おれたちもいれてくれ
「 ―― あ~あ、 まったく 」
のびをするようにたちあがったタクアンが、シモベの背からとびおりると、落ちたまま燃えている薪をひろい、伏した兵の肩をひきあげ、手ににぎらせた。
「 ほら、顔をあげろ。なんだよ。
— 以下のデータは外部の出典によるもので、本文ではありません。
lemma holomorphic_on_suminf_interleaved_powr_diff:
  fixes x y :: "nat \<Rightarrow> nat"
  assumes x: "\<And>k. Suc k \<le> x k" and xy: "\<And>k. x k \<le> y k" and yx: "\<And>k. y k \<le> x (Suc k)"
  shows "(\<lambda>s. \<Sum>k. (of_nat (y k) :: complex) powr (-s) - of_nat (x k) powr (-s))
           holomorphic_on {s. 0 < Re s}"
proof (rule holomorphic_on_suminf_locally_dominated[OF open_halfspace_Re_gt])
  show "(\<lambda>s. (of_nat (y k) :: complex) powr (-s) - of_nat (x k) powr (-s))
          holomorphic_on {s. 0 < Re s}" for k
    by (intro holomorphic_intros)
  fix z assume "z \<in> {s. 0 < Re s}"
  define d where "d = Re z / 2"
  define K where "K = norm z + d"
  have "0 < d" using \<open>z \<in> {s. 0 < Re s}\<close> by (simp add: d_def)
  have near: "d \<le> Re w \<and> norm w \<le> K" if "w \<in> cball z d" for w
  proof
    show "d \<le> Re w" using Re_ge_of_mem_cball[OF that] by (simp add: d_def)
    show "norm w \<le> K"
      using that norm_triangle_ineq2[of w z] unfolding K_def by (simp add: dist_norm norm_minus_commute)
  qed
  \<comment> \<open>the differences are dominated by the telescoping series of \<open>u k = x k powr -d\<close>\<close>
  define u where "u k = real (x k) powr (-d)" for k
  have "u \<longlonglongrightarrow> 0"
  proof (rule Lim_null_comparison)
    show "(\<lambda>k. real (Suc k) powr (-d)) \<longlonglongrightarrow> 0"
      using \<open>0 < d\<close> by real_asymp
    have "real (x k) powr (-d) \<le> real (Suc k) powr (-d)" for k
      using x[of k] \<open>0 < d\<close> by (intro powr_mono2') auto
    then show "\<forall>\<^sub>F k in sequentially. norm (u k) \<le> real (Suc k) powr (-d)"
      by (intro always_eventually allI) (simp add: u_def)
  qed
  have bound: "norm ((of_nat (y k) :: complex) powr (-w) - of_nat (x k) powr (-w))
                 \<le> (K / d) * (u k - u (Suc k))" if "w \<in> cball z d" for k w
  proof -
    have "1 \<le> x k" using x[of k] by simp
    have "norm ((of_nat (y k) :: complex) powr (-w) - of_nat (x k) powr (-w))
          \<le> (K / d) * (real (x k) powr (-d) - real (y k) powr (-d))"
      using near[OF that] by (intro norm_nat_powr_diff_le[OF \<open>1 \<le> x k\<close> xy \<open>0 < d\<close>]) auto
    also have "\<dots> \<le> (K / d) * (u k - u (Suc k))"
    proof (rule mult_left_mono)
      have "real (x (Suc k)) powr (-d) \<le> real (y k) powr (-d)"
        using yx[of k] xy[of k] \<open>1 \<le> x k\<close> \<open>0 < d\<close> by (intro powr_mono2') auto
      then show "real (x k) powr (-d) - real (y k) powr (-d) \<le> u k - u (Suc k)"
        by (simp add: u_def)
      show "0 \<le> K / d" using \<open>0 < d\<close> by (simp add: K_def)
    qed
    finally show ?thesis .
  qed
  have "cball z d \<subseteq> {s. 0 < Re s}"
    using near \<open>0 < d\<close> by fastforce
  moreover have "summable (\<lambda>k. (K / d) * (u k - u (Suc k)))"
    using telescope_summable'[OF \<open>u \<longlonglongrightarrow> 0\<close>] by (rule summable_mult)
  ultimately show "\<exists>d>0. cball z d \<subseteq> {s. 0 < Re s} \<and> (\<exists>M. summable M \<and>
      (\<forall>k. \<forall>w\<in>cball z d. norm ((of_nat (y k) :: complex) powr (-w) - of_nat (x k) powr (-w)) \<le> M k))"
    using \<open>0 < d\<close> bound by blast
qed

lemma suminf_residue_classes:
  fixes f :: "nat \<Rightarrow> 'a::real_normed_field"
  assumes "summable f" and "0 < m" and classes: "\<And>r. r < m \<Longrightarrow> summable (\<lambda>k. f (m * k + c + r))"
  shows "suminf f = (\<Sum>n<c. f n) + of_nat m * (\<Sum>k. f (m * k + c))
                    + (\<Sum>r<m. \<Sum>k. f (m * k + c + r) - f (m * k + c))"
proof -
  have "(\<lambda>n. f (n + c)) sums (\<Sum>n. f (n + c))"
    using \<open>summable f\<close> by (intro summable_sums) simp
  then have "(\<lambda>k. \<Sum>n\<in>{k * m..<k * m + m}. f (n + c)) sums (\<Sum>n. f (n + c))"
    using \<open>0 < m\<close> by (rule sums_group)
  moreover have "(\<Sum>n\<in>{k * m..<k * m + m}. f (n + c)) = (\<Sum>r<m. f (m * k + c + r))" for k
    using sum.shift_bounds_nat_ivl[of "\<lambda>n. f (n + c)" 0 "k * m" m]
    by (simp add: atLeast0LessThan ac_simps)
  ultimately have "(\<Sum>n. f (n + c)) = (\<Sum>k. \<Sum>r<m. f (m * k + c + r))"
    by (simp add: sums_iff)
  also have "\<dots> = (\<Sum>r<m. \<Sum>k. f (m * k + c + r))"
    using classes by (intro suminf_sum) auto
  also have "\<dots> = (\<Sum>r<m. (\<Sum>k. f (m * k + c)) + (\<Sum>k. f (m * k + c + r) - f (m * k + c)))"
  proof (rule sum.cong[OF refl])
    fix r assume "r \<in> {..<m}"
    then have "summable (\<lambda>k. f (m * k + c))" "summable (\<lambda>k. f (m * k + c + r))"
      using classes[of 0] classes[of r] \<open>0 < m\<close> by auto
    then show "(\<Sum>k. f (m * k + c + r)) = (\<Sum>k. f (m * k + c)) + (\<Sum>k. f (m * k + c + r) - f (m * k + c))"
      by (subst suminf_add) (auto intro: summable_diff)
  qed
  also have "\<dots> = of_nat m * (\<Sum>k. f (m * k + c)) + (\<Sum>r<m. \<Sum>k. f (m * k + c + r) - f (m * k + c))"
    by (simp add: sum.distrib)
  finally show ?thesis
    using suminf_split_initial_segment[OF \<open>summable f\<close>, of c] by (simp add: ac_simps)
qed

lemma dirichlet_D_residue_class_decomposition:
  assumes "infinite E" and "0 \<notin> E" and "0 < m"
  obtains W where "W holomorphic_on {s. 0 < Re s}"
    and "\<And>s. 1 < Re s \<Longrightarrow>
           dirichlet_D E s = W s + of_nat m * dirichlet_D (range (\<lambda>k. nth_elem E (m * k + c))) s"
proof -
  define e where "e = nth_elem E"
  have e: "Suc n \<le> e n" for n
    unfolding e_def using assms(1,2) by (rule Suc_le_nth_elem)
  have "strict_mono e"
    unfolding e_def using assms(1) by (rule strict_mono_nth_elem)
  have class_ge: "Suc k \<le> e (m * k + c + r)" for k r
  proof -
    have "k \<le> m * k" using \<open>0 < m\<close> by simp
    then show ?thesis using e[of "m * k + c + r"] by linarith
  qed
  define W where "W s =
      (\<Sum>n<c. (of_nat (e n) :: complex) powr (-s))
    + (\<Sum>r<m. \<Sum>k. of_nat (e (m * k + c + r)) powr (-s) - of_nat (e (m * k + c)) powr (-s))" for s
  have "(\<lambda>s. \<Sum>k. (of_nat (e (m * k + c + r)) :: complex) powr (-s) - of_nat (e (m * k + c)) powr (-s))
          holomorphic_on {s. 0 < Re s}" if "r < m" for r
  proof (rule holomorphic_on_suminf_interleaved_powr_diff)
    show "Suc k \<le> e (m * k + c)" for k
      using class_ge[of k 0] by simp
    show "e (m * k + c) \<le> e (m * k + c + r)" for k
      using \<open>strict_mono e\<close> by (simp add: strict_mono_less_eq)
    show "e (m * k + c + r) \<le> e (m * Suc k + c)" for k
      using \<open>strict_mono e\<close> \<open>r < m\<close> by (simp add: strict_mono_less_eq)
  qed
  then have "W holomorphic_on {s. 0 < Re s}"
    unfolding W_def by (intro holomorphic_intros) auto
  moreover have "dirichlet_D E s = W s + of_nat m * dirichlet_D (range (\<lambda>k. e (m * k + c))) s"
    if "1 < Re s" for s
  proof -
    have "strict_mono (\<lambda>k. e (m * k + c))"
      unfolding e_def using assms(1,3) by (rule strict_mono_nth_elem_affine)
    then have "dirichlet_D (range (\<lambda>k. e (m * k + c))) s = (\<Sum>k. of_nat (e (m * k + c)) powr (-s))"
      unfolding dirichlet_D_def by (simp add: nth_elem_range)
    moreover have "dirichlet_D E s = W s + of_nat m * (\<Sum>k. of_nat (e (m * k + c)) powr (-s))"
      unfolding dirichlet_D_def W_def e_def[symmetric]
    proof (rule trans[OF suminf_residue_classes[OF _ \<open>0 < m\<close>]])
      show "summable (\<lambda>n. (of_nat (e n) :: complex) powr (-s))"
        using e \<open>1 < Re s\<close> by (rule summable_norm_cancel[OF summable_norm_nat_dirichlet_series])
      show "summable (\<lambda>k. (of_nat (e (m * k + c + r)) :: complex) powr (-s))" for r
        using class_ge \<open>1 < Re s\<close> by (rule summable_norm_cancel[OF summable_norm_nat_dirichlet_series])
    qed (simp add: algebra_simps)
    ultimately show ?thesis by simp
  qed
  ultimately show ?thesis
    using that by (simp add: e_def)
qed

lemma holomorphic_on_if_Un:
  assumes "f holomorphic_on U" and "g holomorphic_on V" and "open U" and "open V"
    and "\<And>s. s \<in> U \<inter> V \<Longrightarrow> f s = g s"
  shows "(\<lambda>s. if s \<in> U then f s else g s) holomorphic_on (U \<union> V)"
proof (rule holomorphic_on_Un)
  show "(\<lambda>s. if s \<in> U then f s else g s) holomorphic_on U"
    using assms(1) by (rule holomorphic_transform) simp
  show "(\<lambda>s. if s \<in> U then f s else g s) holomorphic_on V"
    using assms(2) by (rule holomorphic_transform) (use assms(5) in auto)
qed (use assms in auto)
まだこんな若い兵じゃねえか。 まったくなあ。『勝手な生き物』のせいで血まみれになってる『ものずきな』シモベといい、北の将軍は、ずいぶんと世話のかかる将軍だな。 ―― もっとはやくに、せめて高山にでも申し出りゃいいのによ」
「タクアン殿、それは無理だ。なにしろケイテキは西の将軍だ。高山だって政がからんだところには、でてこられないのを知っているからこそ、ワギョク将軍も申し出られなかったのだろう。いや、おれは北の兵士たちがうらやましい。将軍というのは、このように民をまもってこそだ。そしてその手助けをするのが兵士としてのつとめ。 ―― おれはあのケイテキにつかえていたことを腹の底から悔やんでる、元西の軍人でな。北の兵士とおなじように働くんで、どうか、いまからつかってくれ」
コウドがタクアンに立たされた兵の前にたち、頭をさげた。
「じゃあ、そこに、おれたちもいれておいてくれよ。坊主が二人に従者が一人。それと、元神官だ」
セイテツがシモベにもたれかかりながら片手をあげた。
まだシモベの背にのったままのスザクがとなりのシュンカの頭をたたき、こいつもおとりにつかえるだろ、というのに、がんばります、とシュンカがこたえる。